(Collected data)
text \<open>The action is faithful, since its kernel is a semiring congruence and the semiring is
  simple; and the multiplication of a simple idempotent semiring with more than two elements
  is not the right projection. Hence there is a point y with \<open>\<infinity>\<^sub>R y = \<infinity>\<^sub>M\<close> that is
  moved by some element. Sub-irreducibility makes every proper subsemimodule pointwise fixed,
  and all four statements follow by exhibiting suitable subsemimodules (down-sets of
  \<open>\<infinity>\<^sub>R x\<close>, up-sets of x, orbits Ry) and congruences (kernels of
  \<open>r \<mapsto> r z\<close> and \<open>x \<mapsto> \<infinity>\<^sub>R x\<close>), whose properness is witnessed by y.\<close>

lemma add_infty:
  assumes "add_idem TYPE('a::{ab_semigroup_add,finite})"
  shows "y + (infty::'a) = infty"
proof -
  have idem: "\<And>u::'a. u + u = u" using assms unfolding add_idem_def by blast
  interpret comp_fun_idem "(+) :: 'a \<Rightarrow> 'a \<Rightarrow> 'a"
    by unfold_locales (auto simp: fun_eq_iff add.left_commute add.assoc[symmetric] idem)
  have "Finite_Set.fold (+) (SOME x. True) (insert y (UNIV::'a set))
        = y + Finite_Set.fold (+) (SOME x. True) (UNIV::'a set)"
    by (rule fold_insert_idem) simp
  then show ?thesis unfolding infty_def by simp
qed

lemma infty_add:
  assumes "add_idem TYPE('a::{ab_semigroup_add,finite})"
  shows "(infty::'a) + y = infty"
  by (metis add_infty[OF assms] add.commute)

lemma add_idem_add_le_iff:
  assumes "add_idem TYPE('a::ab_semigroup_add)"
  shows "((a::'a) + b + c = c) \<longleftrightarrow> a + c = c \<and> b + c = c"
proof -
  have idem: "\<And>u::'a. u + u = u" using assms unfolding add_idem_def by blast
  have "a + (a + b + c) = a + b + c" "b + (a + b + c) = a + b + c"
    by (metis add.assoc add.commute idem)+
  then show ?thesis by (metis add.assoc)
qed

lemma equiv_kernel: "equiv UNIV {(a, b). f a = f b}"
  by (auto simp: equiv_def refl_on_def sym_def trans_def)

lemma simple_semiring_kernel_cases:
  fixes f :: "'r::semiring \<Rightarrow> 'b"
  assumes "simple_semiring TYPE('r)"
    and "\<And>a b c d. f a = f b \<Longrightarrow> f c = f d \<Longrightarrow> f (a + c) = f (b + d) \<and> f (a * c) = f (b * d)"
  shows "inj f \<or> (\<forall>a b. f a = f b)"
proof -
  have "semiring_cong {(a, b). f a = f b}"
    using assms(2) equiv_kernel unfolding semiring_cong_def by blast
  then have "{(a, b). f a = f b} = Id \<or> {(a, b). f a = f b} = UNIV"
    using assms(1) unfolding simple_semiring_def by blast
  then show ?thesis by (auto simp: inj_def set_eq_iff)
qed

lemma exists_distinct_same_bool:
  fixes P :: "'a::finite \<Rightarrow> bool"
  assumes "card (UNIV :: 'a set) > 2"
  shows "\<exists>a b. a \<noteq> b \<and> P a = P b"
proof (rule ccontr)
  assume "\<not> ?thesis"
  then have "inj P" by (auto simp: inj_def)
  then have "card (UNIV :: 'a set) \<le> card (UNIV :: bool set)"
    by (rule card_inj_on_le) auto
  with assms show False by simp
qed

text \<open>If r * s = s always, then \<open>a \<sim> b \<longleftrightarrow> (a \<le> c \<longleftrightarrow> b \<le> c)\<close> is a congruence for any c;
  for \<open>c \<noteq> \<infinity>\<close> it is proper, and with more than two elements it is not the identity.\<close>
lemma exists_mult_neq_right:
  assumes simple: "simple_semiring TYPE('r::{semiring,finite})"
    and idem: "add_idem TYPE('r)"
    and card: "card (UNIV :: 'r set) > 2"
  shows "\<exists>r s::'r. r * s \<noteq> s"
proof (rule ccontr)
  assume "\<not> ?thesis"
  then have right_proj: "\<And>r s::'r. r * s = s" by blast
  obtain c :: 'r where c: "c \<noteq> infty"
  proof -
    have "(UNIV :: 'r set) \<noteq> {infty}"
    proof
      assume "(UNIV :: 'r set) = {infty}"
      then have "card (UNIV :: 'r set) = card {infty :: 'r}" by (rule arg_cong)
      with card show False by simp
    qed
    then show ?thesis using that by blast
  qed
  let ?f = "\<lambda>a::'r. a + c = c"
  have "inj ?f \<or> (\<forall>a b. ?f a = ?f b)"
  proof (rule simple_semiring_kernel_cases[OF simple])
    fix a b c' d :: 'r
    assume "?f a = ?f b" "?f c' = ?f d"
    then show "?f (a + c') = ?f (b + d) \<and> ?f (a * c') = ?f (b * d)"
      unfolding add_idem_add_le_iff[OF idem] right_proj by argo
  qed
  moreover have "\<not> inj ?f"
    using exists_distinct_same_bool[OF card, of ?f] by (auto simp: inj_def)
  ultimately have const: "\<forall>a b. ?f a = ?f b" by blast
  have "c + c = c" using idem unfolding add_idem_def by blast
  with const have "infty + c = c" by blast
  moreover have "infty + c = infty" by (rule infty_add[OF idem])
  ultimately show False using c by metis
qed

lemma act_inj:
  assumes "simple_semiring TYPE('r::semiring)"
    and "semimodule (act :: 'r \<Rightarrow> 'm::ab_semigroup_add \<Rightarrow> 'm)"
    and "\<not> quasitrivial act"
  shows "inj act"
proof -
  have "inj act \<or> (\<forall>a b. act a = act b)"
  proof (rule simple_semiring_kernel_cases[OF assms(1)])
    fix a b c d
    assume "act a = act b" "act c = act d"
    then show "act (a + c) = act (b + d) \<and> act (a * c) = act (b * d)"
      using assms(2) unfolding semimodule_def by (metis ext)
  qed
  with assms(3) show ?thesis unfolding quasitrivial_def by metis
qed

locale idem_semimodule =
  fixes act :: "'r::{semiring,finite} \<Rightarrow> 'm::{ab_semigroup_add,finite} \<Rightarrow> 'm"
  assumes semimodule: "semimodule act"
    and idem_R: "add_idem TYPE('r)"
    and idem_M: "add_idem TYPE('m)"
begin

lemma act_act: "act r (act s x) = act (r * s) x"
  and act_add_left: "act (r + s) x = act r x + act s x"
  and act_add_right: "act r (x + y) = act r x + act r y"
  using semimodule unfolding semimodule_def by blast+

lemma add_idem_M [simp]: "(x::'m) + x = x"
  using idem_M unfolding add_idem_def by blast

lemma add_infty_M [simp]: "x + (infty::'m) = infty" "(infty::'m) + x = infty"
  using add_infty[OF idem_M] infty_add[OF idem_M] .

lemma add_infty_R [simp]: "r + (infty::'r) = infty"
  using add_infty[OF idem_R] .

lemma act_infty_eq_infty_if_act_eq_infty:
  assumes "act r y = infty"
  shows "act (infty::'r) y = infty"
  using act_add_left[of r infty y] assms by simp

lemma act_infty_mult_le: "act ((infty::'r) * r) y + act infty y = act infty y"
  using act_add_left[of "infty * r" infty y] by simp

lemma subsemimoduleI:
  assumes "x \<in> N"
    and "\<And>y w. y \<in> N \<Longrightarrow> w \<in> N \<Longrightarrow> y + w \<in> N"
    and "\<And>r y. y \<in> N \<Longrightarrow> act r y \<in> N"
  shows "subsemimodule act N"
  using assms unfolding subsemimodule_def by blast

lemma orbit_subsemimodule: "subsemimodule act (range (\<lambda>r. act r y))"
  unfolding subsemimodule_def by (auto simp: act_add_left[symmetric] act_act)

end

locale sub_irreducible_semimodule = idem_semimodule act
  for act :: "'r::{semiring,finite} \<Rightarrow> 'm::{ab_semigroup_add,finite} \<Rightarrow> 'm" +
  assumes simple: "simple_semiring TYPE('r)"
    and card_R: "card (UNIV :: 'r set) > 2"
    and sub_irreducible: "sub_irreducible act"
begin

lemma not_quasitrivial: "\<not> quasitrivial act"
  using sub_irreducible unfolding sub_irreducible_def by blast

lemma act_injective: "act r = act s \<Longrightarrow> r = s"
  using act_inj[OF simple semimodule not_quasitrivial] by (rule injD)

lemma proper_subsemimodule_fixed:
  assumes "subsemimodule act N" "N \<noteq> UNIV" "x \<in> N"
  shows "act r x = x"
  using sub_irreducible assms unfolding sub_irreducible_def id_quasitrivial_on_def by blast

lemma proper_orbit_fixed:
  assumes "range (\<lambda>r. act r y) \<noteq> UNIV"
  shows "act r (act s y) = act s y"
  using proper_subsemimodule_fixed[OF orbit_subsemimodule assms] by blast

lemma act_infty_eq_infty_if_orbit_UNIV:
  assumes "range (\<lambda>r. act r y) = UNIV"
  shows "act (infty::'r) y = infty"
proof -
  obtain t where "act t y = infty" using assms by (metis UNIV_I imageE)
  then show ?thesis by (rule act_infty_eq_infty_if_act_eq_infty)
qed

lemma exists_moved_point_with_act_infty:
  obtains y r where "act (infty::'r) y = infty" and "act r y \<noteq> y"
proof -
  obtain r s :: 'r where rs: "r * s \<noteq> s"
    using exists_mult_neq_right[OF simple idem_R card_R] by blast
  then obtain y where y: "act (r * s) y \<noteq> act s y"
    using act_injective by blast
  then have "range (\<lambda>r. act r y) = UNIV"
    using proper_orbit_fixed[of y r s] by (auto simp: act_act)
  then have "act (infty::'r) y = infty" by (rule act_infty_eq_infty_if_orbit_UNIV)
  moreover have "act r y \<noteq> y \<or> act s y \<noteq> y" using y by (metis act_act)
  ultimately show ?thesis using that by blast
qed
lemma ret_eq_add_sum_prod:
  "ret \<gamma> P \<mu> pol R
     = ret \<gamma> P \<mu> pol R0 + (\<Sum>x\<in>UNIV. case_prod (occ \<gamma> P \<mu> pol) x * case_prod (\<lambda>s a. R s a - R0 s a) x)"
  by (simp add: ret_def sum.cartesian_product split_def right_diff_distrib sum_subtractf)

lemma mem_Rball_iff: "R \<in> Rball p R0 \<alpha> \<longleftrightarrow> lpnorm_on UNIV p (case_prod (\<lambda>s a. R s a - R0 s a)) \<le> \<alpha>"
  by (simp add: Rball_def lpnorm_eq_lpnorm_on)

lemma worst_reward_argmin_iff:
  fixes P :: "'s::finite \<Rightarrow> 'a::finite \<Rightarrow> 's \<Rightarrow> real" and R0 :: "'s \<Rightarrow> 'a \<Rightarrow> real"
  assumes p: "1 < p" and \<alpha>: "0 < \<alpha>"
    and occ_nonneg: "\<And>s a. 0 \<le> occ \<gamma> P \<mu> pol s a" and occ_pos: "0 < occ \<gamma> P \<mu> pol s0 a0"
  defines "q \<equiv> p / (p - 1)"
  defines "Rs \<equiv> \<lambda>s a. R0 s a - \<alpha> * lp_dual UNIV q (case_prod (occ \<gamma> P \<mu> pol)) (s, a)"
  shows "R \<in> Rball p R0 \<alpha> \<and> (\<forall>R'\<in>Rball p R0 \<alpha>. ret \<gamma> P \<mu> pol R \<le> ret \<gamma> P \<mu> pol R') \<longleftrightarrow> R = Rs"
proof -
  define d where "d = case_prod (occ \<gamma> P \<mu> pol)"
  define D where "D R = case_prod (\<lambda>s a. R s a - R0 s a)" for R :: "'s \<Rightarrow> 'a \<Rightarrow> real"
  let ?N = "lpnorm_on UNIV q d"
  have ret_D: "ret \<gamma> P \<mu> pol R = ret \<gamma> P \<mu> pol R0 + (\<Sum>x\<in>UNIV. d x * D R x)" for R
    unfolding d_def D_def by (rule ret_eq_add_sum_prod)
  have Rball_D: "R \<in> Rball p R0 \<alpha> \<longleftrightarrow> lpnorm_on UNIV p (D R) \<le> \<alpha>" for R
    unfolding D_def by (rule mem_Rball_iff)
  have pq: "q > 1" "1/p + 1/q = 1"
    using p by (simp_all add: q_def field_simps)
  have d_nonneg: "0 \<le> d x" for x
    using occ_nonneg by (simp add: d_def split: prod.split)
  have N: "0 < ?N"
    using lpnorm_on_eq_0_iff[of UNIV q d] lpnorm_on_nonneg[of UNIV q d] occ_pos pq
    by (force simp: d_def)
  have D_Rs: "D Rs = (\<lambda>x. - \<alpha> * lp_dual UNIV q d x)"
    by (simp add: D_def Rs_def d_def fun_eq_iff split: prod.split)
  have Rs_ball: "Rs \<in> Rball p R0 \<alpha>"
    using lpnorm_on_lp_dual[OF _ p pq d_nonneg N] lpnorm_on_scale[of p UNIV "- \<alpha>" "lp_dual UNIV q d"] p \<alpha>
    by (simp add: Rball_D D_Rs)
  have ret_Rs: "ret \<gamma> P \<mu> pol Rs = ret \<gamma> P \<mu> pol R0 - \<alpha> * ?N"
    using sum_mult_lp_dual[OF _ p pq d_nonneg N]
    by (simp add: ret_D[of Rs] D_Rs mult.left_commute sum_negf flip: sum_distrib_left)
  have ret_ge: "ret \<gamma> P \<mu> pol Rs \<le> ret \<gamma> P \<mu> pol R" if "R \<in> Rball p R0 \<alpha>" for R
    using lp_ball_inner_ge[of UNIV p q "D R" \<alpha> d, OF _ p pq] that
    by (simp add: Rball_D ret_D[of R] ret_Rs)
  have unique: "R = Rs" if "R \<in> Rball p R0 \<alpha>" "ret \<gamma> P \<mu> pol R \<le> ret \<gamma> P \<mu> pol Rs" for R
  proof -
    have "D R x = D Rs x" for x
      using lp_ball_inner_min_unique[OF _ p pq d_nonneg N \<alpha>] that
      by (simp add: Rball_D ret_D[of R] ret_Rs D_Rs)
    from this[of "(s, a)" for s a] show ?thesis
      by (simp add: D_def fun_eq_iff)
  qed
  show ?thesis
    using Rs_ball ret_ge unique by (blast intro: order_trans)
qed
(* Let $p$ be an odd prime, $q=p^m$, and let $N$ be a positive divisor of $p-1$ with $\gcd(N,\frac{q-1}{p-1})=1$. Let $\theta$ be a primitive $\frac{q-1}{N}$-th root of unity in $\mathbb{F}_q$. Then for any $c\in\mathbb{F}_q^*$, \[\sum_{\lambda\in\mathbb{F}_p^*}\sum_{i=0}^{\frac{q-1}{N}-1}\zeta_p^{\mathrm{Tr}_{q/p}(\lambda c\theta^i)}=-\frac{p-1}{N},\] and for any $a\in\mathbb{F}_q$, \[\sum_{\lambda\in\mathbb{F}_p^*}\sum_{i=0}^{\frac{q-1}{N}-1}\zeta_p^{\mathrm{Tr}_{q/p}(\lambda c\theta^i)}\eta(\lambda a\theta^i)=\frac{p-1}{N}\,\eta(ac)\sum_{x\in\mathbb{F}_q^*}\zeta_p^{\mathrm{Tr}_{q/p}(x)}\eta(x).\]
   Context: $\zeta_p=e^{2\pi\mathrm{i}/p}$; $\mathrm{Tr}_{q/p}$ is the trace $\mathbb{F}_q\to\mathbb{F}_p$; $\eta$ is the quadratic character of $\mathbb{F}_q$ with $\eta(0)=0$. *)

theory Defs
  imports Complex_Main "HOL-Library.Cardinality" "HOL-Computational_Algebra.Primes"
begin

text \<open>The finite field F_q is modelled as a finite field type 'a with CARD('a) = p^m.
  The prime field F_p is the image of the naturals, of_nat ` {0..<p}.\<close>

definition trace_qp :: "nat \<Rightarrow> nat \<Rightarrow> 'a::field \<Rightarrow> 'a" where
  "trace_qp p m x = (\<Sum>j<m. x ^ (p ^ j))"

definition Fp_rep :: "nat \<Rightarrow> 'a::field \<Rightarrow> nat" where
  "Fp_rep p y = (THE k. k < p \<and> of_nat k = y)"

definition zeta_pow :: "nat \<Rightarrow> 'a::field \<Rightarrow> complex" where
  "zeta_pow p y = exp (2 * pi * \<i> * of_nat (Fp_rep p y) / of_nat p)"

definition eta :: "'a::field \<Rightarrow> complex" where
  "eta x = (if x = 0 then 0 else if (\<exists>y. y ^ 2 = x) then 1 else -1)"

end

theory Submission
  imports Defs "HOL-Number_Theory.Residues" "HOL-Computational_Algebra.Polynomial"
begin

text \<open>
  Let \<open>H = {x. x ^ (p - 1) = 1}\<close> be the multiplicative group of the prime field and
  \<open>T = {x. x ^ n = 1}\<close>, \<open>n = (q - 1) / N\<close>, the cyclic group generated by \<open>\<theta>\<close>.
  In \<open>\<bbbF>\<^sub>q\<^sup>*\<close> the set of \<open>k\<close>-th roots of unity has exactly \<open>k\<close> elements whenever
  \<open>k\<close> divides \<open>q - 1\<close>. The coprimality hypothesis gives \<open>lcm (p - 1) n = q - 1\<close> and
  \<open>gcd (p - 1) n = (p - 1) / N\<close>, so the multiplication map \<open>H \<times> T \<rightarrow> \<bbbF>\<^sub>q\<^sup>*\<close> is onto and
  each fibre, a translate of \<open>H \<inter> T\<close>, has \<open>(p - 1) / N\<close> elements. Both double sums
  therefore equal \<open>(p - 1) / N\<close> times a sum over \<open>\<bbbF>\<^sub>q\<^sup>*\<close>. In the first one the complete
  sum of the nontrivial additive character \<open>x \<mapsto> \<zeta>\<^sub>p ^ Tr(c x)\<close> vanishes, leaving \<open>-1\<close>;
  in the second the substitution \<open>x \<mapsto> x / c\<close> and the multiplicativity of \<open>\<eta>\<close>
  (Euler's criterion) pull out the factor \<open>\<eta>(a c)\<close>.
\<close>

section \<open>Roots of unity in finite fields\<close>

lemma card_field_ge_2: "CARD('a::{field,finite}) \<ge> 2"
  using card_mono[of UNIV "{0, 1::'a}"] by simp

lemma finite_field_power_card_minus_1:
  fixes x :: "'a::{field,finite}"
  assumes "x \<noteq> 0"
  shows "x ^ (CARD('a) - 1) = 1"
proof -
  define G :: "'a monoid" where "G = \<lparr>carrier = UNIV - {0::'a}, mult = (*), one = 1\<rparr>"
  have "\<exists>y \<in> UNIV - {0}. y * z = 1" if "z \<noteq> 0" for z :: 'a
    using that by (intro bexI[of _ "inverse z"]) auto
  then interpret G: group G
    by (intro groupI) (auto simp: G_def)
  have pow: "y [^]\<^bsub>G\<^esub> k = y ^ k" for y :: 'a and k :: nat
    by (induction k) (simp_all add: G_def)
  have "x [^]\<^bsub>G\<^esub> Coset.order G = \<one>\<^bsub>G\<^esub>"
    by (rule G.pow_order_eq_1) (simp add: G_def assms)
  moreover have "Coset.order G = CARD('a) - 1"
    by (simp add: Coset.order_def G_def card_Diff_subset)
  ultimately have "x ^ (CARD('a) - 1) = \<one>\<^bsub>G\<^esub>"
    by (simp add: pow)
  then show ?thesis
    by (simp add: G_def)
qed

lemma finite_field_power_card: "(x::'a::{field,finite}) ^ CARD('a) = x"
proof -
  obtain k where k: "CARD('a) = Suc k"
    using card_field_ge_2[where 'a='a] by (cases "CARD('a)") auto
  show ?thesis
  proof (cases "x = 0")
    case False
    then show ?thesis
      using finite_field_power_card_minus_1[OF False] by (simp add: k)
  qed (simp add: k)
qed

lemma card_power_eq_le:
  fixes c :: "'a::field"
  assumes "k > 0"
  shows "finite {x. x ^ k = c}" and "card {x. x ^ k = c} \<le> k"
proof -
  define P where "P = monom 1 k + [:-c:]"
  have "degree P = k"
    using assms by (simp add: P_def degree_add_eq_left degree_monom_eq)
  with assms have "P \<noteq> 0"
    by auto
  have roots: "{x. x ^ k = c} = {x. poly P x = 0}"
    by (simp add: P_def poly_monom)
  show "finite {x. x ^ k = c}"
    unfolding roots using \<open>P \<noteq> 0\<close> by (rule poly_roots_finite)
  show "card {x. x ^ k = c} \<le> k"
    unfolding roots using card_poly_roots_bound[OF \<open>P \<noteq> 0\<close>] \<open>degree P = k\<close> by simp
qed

Required work: Find every line in the records that has the word "interpret". Copy those lines.

Response area:
  interpret comp_fun_idem "(+) :: 'a \<Rightarrow> 'a \<Rightarrow> 'a"
  then interpret G: group G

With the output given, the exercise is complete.